**DATA TO EXAMINE:**
※ ※ ※
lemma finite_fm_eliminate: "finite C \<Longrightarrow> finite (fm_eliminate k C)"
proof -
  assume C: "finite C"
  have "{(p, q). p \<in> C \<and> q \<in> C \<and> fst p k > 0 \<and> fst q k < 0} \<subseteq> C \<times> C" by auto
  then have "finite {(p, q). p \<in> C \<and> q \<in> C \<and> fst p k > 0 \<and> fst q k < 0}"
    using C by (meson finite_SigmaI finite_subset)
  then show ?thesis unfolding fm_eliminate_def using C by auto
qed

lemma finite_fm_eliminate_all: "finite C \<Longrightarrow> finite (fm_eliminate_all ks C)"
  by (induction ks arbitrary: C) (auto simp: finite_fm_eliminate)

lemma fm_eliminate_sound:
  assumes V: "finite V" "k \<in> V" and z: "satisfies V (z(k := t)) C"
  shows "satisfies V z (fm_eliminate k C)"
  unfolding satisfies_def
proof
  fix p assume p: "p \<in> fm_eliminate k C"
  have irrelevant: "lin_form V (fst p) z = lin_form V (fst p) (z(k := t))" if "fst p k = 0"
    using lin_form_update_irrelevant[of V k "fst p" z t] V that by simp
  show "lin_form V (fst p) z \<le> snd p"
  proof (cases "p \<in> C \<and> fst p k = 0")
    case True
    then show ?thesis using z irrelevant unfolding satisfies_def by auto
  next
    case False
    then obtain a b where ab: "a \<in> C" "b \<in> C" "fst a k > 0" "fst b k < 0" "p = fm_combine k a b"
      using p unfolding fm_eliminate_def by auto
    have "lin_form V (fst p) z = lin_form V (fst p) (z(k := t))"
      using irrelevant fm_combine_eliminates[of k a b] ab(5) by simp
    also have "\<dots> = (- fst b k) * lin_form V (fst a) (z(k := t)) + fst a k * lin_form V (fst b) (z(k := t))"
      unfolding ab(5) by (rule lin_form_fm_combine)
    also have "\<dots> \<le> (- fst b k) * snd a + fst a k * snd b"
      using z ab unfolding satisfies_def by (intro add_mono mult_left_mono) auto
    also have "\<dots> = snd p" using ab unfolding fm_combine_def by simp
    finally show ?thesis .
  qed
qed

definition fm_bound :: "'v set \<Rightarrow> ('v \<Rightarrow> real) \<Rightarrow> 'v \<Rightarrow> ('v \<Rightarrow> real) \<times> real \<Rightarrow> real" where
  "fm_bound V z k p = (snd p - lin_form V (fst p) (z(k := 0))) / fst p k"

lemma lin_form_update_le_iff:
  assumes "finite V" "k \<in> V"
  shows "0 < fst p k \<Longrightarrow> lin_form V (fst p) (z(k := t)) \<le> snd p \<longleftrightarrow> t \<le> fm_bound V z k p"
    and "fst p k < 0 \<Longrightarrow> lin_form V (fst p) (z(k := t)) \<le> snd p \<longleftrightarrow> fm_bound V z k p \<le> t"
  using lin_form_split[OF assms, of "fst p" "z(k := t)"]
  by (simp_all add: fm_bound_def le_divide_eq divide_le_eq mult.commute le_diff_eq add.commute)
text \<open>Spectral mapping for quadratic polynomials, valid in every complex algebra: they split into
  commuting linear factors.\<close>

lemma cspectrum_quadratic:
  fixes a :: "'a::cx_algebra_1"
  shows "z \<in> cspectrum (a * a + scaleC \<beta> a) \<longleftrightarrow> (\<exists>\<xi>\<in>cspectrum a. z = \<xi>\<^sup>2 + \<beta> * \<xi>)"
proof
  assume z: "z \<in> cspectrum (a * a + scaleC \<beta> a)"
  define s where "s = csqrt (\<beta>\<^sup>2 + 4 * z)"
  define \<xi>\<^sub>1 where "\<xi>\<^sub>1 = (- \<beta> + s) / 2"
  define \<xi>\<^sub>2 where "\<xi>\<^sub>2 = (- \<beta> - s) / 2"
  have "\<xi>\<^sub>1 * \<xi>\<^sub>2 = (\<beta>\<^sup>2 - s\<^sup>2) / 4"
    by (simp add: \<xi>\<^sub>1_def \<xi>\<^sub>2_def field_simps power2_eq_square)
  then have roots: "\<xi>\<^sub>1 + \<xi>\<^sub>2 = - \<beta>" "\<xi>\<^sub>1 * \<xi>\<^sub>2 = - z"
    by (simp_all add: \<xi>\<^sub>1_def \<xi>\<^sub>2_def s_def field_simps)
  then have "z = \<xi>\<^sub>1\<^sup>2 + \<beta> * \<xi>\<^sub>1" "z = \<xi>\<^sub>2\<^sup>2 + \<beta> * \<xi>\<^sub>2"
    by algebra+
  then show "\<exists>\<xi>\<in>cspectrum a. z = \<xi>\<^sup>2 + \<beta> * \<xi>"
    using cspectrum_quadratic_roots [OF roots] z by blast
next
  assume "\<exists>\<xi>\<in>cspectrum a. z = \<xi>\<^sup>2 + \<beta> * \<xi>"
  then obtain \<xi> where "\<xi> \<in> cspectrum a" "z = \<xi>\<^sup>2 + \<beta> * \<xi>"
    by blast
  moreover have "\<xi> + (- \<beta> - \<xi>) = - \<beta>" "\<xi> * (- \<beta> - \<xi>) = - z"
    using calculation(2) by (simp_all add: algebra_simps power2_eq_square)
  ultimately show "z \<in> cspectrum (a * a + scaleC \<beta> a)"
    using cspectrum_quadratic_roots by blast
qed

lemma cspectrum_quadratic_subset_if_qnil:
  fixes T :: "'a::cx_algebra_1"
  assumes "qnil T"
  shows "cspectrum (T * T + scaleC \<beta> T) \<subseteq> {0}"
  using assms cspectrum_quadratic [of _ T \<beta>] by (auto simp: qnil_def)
※ ※ ※
**TASK GOAL:**
In the listing above, locate the line containing "a) \<longleftrightarrow> (\<exists>\<xi>\<in>cspectrum" and the line containing "(\<beta>\<^sup>2 - s\<^sup>2)". Transcribe those two lines and everything between them, exactly as written.

**PROBLEM SOLUTION:**
  shows "z \<in> cspectrum (a * a + scaleC \<beta> a) \<longleftrightarrow> (\<exists>\<xi>\<in>cspectrum a. z = \<xi>\<^sup>2 + \<beta> * \<xi>)"
proof
  assume z: "z \<in> cspectrum (a * a + scaleC \<beta> a)"
  define s where "s = csqrt (\<beta>\<^sup>2 + 4 * z)"
  define \<xi>\<^sub>1 where "\<xi>\<^sub>1 = (- \<beta> + s) / 2"
  define \<xi>\<^sub>2 where "\<xi>\<^sub>2 = (- \<beta> - s) / 2"
  have "\<xi>\<^sub>1 * \<xi>\<^sub>2 = (\<beta>\<^sup>2 - s\<^sup>2) / 4"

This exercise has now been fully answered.